■ Data provided

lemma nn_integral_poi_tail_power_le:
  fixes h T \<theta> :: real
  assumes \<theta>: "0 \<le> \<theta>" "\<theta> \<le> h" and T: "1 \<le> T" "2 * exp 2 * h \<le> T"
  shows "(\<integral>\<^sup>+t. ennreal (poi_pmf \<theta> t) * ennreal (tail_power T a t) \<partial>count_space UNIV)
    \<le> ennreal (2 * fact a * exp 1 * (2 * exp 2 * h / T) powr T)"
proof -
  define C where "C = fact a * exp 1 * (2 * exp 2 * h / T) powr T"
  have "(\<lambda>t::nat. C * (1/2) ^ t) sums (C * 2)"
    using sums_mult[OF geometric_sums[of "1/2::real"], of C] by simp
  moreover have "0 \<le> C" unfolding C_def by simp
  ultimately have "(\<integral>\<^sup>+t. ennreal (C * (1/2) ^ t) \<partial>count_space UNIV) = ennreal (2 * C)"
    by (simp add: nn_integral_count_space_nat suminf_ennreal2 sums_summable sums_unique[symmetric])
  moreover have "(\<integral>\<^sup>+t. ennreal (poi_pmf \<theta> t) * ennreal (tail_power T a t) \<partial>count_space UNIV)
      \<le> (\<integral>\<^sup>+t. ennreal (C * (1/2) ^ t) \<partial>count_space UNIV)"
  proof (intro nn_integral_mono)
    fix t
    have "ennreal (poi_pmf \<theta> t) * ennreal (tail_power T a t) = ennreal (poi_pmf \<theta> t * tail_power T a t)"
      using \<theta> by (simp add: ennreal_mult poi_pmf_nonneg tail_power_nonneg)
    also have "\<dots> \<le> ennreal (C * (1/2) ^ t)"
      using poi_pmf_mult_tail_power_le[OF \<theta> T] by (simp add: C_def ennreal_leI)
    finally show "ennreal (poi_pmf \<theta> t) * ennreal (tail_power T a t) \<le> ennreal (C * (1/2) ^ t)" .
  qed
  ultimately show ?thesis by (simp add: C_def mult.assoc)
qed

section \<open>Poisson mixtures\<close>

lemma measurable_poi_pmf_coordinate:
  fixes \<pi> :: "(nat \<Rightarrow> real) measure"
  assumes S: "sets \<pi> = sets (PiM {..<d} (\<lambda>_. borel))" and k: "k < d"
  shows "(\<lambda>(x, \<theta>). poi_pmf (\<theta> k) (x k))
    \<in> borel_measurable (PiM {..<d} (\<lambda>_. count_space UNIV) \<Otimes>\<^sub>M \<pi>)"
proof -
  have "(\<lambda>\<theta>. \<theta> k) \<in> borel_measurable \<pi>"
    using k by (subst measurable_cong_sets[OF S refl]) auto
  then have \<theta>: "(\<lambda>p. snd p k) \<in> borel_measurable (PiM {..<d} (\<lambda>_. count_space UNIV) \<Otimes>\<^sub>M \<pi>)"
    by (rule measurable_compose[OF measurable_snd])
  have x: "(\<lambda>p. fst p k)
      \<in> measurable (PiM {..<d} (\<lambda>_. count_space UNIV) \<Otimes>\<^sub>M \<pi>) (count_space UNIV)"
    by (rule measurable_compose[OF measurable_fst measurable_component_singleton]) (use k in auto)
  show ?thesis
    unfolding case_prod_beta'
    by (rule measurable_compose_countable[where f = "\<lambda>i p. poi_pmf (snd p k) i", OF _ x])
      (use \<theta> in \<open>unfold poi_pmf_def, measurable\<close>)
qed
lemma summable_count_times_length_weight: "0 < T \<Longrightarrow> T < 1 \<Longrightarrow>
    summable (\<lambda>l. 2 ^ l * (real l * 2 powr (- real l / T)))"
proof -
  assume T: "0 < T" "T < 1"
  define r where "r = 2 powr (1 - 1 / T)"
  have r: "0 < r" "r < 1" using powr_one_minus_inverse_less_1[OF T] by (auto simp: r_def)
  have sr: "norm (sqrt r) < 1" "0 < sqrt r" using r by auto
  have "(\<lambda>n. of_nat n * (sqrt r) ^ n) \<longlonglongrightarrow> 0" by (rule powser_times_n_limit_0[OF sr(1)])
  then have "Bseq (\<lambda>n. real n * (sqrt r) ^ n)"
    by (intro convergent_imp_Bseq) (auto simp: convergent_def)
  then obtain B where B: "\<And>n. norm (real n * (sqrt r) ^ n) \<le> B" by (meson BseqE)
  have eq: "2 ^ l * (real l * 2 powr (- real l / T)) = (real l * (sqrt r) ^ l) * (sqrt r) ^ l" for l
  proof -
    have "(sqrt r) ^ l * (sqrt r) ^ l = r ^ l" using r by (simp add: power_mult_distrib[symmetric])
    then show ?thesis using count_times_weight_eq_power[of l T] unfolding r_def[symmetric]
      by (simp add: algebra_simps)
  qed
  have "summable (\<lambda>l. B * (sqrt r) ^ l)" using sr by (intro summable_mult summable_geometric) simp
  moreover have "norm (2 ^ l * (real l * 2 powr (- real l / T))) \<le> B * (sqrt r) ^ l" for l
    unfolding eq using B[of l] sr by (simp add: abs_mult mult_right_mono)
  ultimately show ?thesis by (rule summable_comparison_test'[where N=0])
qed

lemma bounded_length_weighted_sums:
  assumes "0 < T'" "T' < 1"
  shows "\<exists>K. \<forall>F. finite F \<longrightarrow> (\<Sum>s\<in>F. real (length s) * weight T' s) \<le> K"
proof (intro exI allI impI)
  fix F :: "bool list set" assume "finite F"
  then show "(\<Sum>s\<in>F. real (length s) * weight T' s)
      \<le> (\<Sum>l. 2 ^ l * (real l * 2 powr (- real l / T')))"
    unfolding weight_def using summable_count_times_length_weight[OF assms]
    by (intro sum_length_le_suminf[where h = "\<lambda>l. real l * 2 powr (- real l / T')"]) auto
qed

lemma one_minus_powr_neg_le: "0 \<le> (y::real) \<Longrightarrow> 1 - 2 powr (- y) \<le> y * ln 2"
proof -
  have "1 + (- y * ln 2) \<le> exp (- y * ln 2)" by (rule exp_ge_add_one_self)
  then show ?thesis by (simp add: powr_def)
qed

■ Prompt
Select from the material above each line in which the string "theta" appears, and list those lines.

■ Output below
  fixes h T \<theta> :: real
  assumes \<theta>: "0 \<le> \<theta>" "\<theta> \<le> h" and T: "1 \<le> T" "2 * exp 2 * h \<le> T"
  shows "(\<integral>\<^sup>+t. ennreal (poi_pmf \<theta> t) * ennreal (tail_power T a t) \<partial>count_space UNIV)
  moreover have "(\<integral>\<^sup>+t. ennreal (poi_pmf \<theta> t) * ennreal (tail_power T a t) \<partial>count_space UNIV)
    have "ennreal (poi_pmf \<theta> t) * ennreal (tail_power T a t) = ennreal (poi_pmf \<theta> t * tail_power T a t)"
      using \<theta> by (simp add: ennreal_mult poi_pmf_nonneg tail_power_nonneg)
      using poi_pmf_mult_tail_power_le[OF \<theta> T] by (simp add: C_def ennreal_leI)
    finally show "ennreal (poi_pmf \<theta> t) * ennreal (tail_power T a t) \<le> ennreal (C * (1/2) ^ t)" .
  shows "(\<lambda>(x, \<theta>). poi_pmf (\<theta> k) (x k))
  have "(\<lambda>\<theta>. \<theta> k) \<in> borel_measurable \<pi>"
  then have \<theta>: "(\<lambda>p. snd p k) \<in> borel_measurable (PiM {..<d} (\<lambda>_. count_space UNIV) \<Otimes>\<^sub>M \<pi>)"
      (use \<theta> in \<open>unfold poi_pmf_def, measurable\<close>)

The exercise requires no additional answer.